| ASSIGNED TASK |
Find the line with "grid_periodic N (Dy" in the entries below. Repeat it, every following line, and the line with "using grid_periodic_pointwise[OF grid_periodic_shift[of N u 0", exactly and with nothing added.

(Extracted records)

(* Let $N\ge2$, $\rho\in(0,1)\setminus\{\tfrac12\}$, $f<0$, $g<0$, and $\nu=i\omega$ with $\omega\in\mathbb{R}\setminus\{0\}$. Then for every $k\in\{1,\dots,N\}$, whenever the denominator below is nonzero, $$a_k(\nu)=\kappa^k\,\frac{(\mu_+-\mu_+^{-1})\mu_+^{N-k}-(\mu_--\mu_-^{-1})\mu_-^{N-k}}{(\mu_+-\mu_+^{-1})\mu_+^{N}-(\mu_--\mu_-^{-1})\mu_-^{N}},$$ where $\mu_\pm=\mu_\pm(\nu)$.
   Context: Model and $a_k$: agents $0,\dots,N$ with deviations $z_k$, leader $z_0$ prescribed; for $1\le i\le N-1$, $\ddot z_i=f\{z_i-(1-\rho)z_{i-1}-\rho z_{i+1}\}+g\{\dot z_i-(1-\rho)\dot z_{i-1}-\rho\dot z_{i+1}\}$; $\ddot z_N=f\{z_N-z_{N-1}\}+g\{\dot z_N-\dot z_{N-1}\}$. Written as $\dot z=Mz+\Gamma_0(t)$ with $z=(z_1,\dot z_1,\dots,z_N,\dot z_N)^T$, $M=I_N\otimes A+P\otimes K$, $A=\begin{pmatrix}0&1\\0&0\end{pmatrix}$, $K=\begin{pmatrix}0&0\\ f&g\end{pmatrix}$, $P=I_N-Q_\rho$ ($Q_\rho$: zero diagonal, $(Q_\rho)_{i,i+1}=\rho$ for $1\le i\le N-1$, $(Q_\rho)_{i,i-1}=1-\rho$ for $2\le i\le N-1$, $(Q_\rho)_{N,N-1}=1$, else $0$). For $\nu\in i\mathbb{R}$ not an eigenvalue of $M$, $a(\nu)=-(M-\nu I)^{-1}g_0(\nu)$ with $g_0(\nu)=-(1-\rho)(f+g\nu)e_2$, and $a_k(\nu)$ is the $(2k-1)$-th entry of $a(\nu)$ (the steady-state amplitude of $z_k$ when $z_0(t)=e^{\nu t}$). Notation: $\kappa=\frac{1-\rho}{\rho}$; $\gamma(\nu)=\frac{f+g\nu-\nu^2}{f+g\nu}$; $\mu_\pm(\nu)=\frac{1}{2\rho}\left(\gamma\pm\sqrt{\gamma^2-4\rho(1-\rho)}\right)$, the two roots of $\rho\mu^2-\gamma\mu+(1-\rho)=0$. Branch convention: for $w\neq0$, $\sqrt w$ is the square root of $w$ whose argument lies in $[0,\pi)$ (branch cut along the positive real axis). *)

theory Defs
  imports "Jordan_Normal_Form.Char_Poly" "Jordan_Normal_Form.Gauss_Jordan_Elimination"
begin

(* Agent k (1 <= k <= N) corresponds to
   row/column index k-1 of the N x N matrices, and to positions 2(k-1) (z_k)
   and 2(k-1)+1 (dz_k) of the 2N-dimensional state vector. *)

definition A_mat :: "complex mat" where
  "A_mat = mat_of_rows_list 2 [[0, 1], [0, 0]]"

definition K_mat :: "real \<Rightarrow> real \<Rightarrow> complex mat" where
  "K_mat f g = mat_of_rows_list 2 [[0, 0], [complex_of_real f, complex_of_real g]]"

...

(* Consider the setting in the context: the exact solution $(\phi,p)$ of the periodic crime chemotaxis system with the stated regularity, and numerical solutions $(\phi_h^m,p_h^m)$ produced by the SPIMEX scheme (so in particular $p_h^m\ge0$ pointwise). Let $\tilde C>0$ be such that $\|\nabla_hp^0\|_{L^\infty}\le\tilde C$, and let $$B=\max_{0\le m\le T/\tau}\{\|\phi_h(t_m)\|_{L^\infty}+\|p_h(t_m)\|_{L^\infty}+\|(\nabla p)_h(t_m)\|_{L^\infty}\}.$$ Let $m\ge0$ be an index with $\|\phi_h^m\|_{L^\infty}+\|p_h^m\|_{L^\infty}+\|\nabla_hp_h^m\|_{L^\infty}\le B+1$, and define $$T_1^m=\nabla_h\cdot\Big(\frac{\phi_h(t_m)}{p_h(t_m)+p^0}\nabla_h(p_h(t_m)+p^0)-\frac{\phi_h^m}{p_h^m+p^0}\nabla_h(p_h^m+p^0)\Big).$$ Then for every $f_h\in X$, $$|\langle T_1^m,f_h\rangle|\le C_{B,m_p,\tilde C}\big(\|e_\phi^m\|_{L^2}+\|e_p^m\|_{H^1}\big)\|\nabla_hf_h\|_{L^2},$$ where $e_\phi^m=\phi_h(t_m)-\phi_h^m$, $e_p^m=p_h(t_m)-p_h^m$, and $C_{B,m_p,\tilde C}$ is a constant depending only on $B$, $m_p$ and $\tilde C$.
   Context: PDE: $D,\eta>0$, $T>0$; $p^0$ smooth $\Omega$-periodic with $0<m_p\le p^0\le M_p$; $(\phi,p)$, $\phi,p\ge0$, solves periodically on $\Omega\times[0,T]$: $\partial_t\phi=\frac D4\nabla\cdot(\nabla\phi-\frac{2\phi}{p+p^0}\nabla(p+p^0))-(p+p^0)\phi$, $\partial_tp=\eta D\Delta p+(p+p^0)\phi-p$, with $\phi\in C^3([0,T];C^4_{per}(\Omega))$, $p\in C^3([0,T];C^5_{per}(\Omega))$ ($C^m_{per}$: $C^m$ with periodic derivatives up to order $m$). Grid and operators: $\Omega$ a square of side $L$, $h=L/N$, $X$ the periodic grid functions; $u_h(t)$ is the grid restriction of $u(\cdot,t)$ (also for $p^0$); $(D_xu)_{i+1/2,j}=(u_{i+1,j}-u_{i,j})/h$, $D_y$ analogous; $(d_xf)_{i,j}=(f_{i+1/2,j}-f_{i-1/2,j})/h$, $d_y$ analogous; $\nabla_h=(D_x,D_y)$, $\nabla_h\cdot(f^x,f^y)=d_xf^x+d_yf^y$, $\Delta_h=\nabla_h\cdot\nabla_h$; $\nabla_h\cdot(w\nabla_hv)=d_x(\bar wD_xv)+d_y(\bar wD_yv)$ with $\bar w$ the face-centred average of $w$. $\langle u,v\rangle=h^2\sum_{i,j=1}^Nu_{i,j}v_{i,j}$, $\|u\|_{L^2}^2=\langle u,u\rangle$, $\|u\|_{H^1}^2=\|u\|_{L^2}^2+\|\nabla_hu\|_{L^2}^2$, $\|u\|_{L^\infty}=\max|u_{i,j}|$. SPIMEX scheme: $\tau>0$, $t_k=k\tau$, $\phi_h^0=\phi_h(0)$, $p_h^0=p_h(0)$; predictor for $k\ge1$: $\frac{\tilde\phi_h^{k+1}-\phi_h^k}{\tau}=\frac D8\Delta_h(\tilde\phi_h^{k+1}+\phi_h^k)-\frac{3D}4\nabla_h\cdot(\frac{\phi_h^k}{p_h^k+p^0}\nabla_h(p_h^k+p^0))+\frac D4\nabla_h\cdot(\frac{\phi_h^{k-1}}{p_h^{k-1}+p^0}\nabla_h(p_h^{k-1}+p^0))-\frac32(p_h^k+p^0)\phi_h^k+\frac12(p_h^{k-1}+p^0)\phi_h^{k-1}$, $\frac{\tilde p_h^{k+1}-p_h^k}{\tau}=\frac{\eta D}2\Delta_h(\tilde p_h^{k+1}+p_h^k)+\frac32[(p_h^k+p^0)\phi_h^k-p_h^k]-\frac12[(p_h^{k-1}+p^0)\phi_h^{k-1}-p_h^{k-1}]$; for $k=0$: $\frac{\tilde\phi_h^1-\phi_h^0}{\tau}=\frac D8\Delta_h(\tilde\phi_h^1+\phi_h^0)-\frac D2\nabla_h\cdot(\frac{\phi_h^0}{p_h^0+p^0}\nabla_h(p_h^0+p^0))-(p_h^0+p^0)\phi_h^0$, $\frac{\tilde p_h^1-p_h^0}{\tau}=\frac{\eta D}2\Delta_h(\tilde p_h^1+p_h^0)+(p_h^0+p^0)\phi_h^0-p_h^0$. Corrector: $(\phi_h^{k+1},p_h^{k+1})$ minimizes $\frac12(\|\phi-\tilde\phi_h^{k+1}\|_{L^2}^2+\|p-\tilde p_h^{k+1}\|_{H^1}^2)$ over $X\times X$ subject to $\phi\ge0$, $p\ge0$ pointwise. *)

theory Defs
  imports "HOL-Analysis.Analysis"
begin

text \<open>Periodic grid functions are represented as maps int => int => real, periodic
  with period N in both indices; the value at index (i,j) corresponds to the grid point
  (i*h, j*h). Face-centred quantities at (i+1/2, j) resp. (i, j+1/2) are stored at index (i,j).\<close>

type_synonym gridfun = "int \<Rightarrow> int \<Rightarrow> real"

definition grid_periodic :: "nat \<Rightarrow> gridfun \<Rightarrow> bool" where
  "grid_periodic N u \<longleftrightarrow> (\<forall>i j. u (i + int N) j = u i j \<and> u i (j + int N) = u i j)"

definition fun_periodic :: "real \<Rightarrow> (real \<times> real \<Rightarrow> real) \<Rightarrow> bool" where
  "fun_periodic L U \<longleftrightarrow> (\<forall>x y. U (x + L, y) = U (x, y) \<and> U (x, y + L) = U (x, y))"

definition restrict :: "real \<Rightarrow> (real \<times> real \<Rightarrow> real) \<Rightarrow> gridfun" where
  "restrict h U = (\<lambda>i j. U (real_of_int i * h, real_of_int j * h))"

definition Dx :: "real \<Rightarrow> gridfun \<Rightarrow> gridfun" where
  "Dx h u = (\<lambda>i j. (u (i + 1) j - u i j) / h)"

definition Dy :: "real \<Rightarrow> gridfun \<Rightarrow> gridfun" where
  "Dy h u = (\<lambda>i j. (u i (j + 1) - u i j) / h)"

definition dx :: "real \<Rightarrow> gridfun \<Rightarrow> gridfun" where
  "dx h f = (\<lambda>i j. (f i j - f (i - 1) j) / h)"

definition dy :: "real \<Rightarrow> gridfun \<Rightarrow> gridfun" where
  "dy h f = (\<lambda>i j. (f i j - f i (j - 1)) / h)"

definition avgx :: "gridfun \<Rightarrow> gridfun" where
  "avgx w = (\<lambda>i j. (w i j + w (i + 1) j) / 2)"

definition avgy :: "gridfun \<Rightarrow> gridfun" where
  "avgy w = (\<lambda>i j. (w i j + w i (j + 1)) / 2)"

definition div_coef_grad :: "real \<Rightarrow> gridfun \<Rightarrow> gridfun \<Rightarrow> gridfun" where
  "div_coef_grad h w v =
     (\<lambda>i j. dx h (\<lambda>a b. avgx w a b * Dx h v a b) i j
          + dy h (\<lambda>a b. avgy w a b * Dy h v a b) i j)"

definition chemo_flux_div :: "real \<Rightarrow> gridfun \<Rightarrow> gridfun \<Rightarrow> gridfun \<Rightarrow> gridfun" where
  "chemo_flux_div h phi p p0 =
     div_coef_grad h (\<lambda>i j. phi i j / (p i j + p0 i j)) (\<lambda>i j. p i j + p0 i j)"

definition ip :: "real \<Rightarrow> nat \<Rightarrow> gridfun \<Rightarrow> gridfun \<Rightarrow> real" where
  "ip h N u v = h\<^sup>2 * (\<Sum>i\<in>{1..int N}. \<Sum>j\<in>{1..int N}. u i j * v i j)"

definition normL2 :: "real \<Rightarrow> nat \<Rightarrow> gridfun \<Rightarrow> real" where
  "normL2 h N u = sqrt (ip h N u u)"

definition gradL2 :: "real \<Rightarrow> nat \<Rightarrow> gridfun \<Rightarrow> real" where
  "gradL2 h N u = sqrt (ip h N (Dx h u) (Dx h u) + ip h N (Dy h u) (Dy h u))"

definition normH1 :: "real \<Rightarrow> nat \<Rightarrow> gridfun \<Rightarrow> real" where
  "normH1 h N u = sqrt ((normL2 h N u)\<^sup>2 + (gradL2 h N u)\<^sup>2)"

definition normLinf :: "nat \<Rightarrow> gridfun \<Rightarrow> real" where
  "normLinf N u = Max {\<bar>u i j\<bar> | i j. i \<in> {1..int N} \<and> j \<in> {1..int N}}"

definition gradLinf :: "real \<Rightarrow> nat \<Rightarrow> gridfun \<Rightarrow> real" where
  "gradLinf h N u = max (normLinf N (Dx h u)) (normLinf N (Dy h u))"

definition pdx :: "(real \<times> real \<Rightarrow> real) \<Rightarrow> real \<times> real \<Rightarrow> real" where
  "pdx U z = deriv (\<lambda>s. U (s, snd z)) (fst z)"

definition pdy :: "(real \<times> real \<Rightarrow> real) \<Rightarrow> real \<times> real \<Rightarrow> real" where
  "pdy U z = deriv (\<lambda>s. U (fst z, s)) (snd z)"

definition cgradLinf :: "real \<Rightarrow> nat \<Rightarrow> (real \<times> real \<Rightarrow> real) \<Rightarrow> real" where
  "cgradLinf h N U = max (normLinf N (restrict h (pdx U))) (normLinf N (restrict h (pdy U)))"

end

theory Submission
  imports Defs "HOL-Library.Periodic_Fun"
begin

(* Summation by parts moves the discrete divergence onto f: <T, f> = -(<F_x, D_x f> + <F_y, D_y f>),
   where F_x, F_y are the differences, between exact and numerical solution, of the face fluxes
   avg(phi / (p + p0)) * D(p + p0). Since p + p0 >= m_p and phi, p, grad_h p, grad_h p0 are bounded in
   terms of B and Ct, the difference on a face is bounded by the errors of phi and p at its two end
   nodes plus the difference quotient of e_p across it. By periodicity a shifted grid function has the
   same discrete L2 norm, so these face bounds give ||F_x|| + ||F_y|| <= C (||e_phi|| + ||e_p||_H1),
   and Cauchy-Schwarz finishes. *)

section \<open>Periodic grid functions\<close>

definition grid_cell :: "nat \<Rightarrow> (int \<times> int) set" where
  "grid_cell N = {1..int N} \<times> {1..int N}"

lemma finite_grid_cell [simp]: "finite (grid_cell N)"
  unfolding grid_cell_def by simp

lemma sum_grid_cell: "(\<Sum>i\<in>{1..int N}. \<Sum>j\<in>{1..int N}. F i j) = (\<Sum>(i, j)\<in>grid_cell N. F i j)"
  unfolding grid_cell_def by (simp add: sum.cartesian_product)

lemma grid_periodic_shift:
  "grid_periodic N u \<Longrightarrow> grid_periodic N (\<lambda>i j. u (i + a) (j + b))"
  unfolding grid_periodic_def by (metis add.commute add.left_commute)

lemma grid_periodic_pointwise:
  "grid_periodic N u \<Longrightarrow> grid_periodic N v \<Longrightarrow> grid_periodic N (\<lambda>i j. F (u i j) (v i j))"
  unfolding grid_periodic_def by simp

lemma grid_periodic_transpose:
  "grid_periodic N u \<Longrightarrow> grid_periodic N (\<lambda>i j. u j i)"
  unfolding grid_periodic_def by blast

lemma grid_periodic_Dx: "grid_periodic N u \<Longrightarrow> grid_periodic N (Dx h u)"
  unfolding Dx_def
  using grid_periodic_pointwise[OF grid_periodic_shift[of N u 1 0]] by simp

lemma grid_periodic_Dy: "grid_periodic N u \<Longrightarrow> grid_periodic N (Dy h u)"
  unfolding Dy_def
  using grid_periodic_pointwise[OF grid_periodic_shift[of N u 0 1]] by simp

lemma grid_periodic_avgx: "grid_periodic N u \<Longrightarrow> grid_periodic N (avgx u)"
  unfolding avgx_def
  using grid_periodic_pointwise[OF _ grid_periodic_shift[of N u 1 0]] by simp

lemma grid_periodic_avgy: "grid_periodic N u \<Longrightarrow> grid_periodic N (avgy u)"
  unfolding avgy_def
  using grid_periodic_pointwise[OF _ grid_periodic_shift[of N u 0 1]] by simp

| ANSWER AREA |
lemma grid_periodic_Dy: "grid_periodic N u \<Longrightarrow> grid_periodic N (Dy h u)"
  unfolding Dy_def
  using grid_periodic_pointwise[OF grid_periodic_shift[of N u 0 1]] by simp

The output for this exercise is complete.